There’s Another Internet?
If you’re a student at a large research university, there’s a good chance that your school is part of Internet2. Internet2 is a research network created by a consortium of research, academic, industry, and government firms. These organizations have collectively set up a high-performance network running at speeds of up to one hundred gigabits per second to support and experiment with demanding applications. Examples include high-quality video conferencing; high-reliability, high-bandwidth imaging for the medical field; and applications that share huge data sets among researchers.
If your university is an Internet2 member and you’re communicating with another computer that’s part of the Internet2 consortium, then your organization’s routers are smart enough to route traffic through the superfast Internet2 backbone. If that’s the case, you’re likely already using Internet2 without even knowing it!
- TCP/IP, or the Internet protocol suite, helps get perfect copies of Internet transmissions from one location to another.

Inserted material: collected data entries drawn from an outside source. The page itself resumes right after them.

(* Let $n\ge 1$ and let $p,q,r$ be nonzero real numbers. If the map $(A,B,C)\mapsto \mathrm{Tr}[A^{q/2}B^pA^{q/2}C^r]$ is jointly convex (respectively jointly concave) on $\mathcal{P}_n\times\mathcal{P}_n\times\mathcal{P}_n$, then the matrix-valued map $(A,B)\mapsto A^{q/2}B^pA^{q/2}$ is jointly operator convex (respectively jointly operator concave) on $\mathcal{P}_n\times\mathcal{P}_n$.
   Context: $\mathcal{P}_n$ denotes the set of $n\times n$ positive definite complex matrices. A map $F:\mathcal{P}_n\times\mathcal{P}_n\to M_n(\mathbb{C})_{\mathrm{sa}}$ is jointly operator convex if $F(\lambda A_1+(1-\lambda)A_2,\lambda B_1+(1-\lambda)B_2)\le \lambda F(A_1,B_1)+(1-\lambda)F(A_2,B_2)$ in the positive semidefinite (Loewner) order for all $A_i,B_i\in\mathcal{P}_n$, $\lambda\in[0,1]$; operator concave is defined with the reversed inequality. *)

theory Defs
  imports "HOL-Analysis.Analysis"
begin

text \<open>Complex n x n matrices are represented as complex^'n^'n, the dimension n = CARD('n) \<ge> 1.\<close>

definition cadj :: "complex^'n^'n \<Rightarrow> complex^'n^'n" where
  "cadj A = (\<chi> i j. cnj (A $ j $ i))"

definition hermitian :: "complex^'n^'n \<Rightarrow> bool" where
  "hermitian A \<longleftrightarrow> cadj A = A"

definition qform :: "complex^'n^'n \<Rightarrow> complex^'n \<Rightarrow> complex" where
  "qform A x = (\<Sum>i\<in>UNIV. \<Sum>j\<in>UNIV. cnj (x $ i) * A $ i $ j * x $ j)"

TCP works on the ends of transmission, breaking up transmissions up into manageable packets at the start and putting them back together while checking quality at the end. IP works in the middle, routing packets to their destination.

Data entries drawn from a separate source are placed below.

lemma quandle_R_map:
  assumes "quandle_folder X G T \<Lambda>" shows "quandle X (R_map X G T \<Lambda>)"
  unfolding quandle_def
proof (intro conjI ballI rack_R_map)
  fix y assume "y \<in> X"
  then obtain x g where x: "x \<in> T" and g: "g \<in> G" and y: "y = g x"
    using orbit_reps_cover[OF reps] by blast
  have \<Lambda>_fixes: "\<Lambda> x x = x" using assms x unfolding quandle_folder_iff by blast
  have "R_map X G T \<Lambda> y y = conj_perm (\<Lambda> x) g (g x)"
    using R_map_orbit[OF x g, of y] \<open>y \<in> X\<close> y by simp
  also have "\<dots> = y"
    using conj_perm_fixes[of g X "\<Lambda> x" x, OF perm_subgroup_permutes[OF folder_perm_subgroup g]
        \<Lambda>_fixes] y
    by simp
  finally show "R_map X G T \<Lambda> y y = y" .
qed

end

context
  fixes X m T
  assumes rack: "rack X m" and reps: "orbit_reps X (LMlt X m) T"
begin

private lemmas conj_perm_Ltr_LMlt = conj_perm_Ltr_automorphism[OF automorphism_LMlt[OF rack]]

lemma rack_folder_E_map: "rack_folder X (LMlt X m) T (E_map X T m)"
  unfolding rack_folder_def
proof (intro conjI ballI allI impI perm_subgroup_LMlt[OF rack])
  fix x assume "x \<in> T"
  then have x: "x \<in> X" using orbit_reps_subset[OF reps] by blast
  have "Ltr X m x \<circ> h = h \<circ> Ltr X m x" if "h \<in> stabilizer (LMlt X m) x" for h
  proof -
    have h: "h \<in> LMlt X m" "h x = x" using that unfolding stabilizer_def by auto
    then have "conj_perm (Ltr X m x) h = Ltr X m x" using conj_perm_Ltr_LMlt[OF _ x] by simp
    then show ?thesis
      using conj_perm_eq_self_iff permutes_bij
        perm_subgroup_permutes[OF perm_subgroup_LMlt[OF rack] h(1)]
      by blast
  qed
  then show "E_map X T m x \<in> centralizer (LMlt X m) (stabilizer (LMlt X m) x)"
    using \<open>x \<in> T\<close> Ltr_in_LMlt[OF x] unfolding E_map_def centralizer_def by simp
qed (simp add: E_map_def)

lemma R_map_E_map: "R_map X (LMlt X m) T (E_map X T m) = m"
proof (intro ext)
  fix y z
  show "R_map X (LMlt X m) T (E_map X T m) y z = m y z"
  proof (cases "y \<in> X \<and> z \<in> X")
    case True
    then obtain x g where x: "x \<in> T" and g: "g \<in> LMlt X m" and y: "y = g x"
      using orbit_reps_cover[OF reps] by blast
    have "R_map X (LMlt X m) T (E_map X T m) y z = conj_perm (Ltr X m x) g z"
      using R_map_orbit[OF rack_folder_E_map reps x g] True x y unfolding E_map_def by simp
    then show ?thesis
      using conj_perm_Ltr_LMlt[OF g] orbit_reps_subset[OF reps] x y True by (auto simp: Ltr_eq)
  next
    case False
    then show ?thesis
      using rack unfolding R_map_def rack_def left_quasigroup_def op_on_def by auto
  qed
qed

- Routers are special computing devices that forward packets from one location to the next. Routers are typically connected with more than one outbound path, so in case one path becomes unavailable, an alternate path can be used.
- UDP is a replacement for TCP, used when it makes sense to sacrifice packet quality for delivery speed. It’s often used for media streaming.
- TCP/IP doesn’t care about the transition media. This allows networks of different types—copper, fiber, and wireless—to connect to and participate in the Internet.
- The ability to swap in new applications, protocols, and media files gives the network tremendous flexibility.
- Decentralization, fault tolerance, and redundancy help keep the network open and reliable.
- VoIP allows voice and phone systems to become an application traveling over the Internet. This is allowing many firms to save money on phone calls and through the elimination of old, inefficient circuit-switched networks. As Internet applications, VoIP phone systems can also have additional features that circuit-switched networks lack. The primary limitation of many VoIP systems is quality of service.
- Many firms in the finance industry have developed automated trading models that analyze data and execute trades without human intervention. Speeds substantially less than one second may be vital to capitalizing on market opportunities, so firms are increasingly moving equipment into collocation facilities that provide high-speed connectivity to other trading systems.
Questions and Exercises
- How can the Internet consist of networks of such physically different transmission media—cable, fiber, and wireless?
- What is the difference between TCP and UDP? Why would you use one over the other?
- Would you recommend a VoIP phone system to your firm or University? Why or why not? What are the advantages? What are the disadvantages? Can you think of possible concerns or benefits not mentioned in this section? Research these concerns online and share your finding with your instructor.
- What are the risks in the kinds of automated trading systems described in this section? Conduct research and find an example of where these systems have caused problems for firms and/or the broader market. What can be done to prevent such problems? Whose responsibility is this?
- Search the Internet for a traceroute tool, or look online to figure out how to use the traceroute command built into your PC. Run three or more traceroutes to different firms at different locations around the world. List the number of ISPs that show up in the trace. Circle the areas where peering occurs. Do some of the “hops” time out with “*” values returned? If so, why do you think that happened?
- Find out if your school or employer is an Internet2 member. If it is, run traceroutes to schools that are and are not members of Internet2. What differences do you see in the results?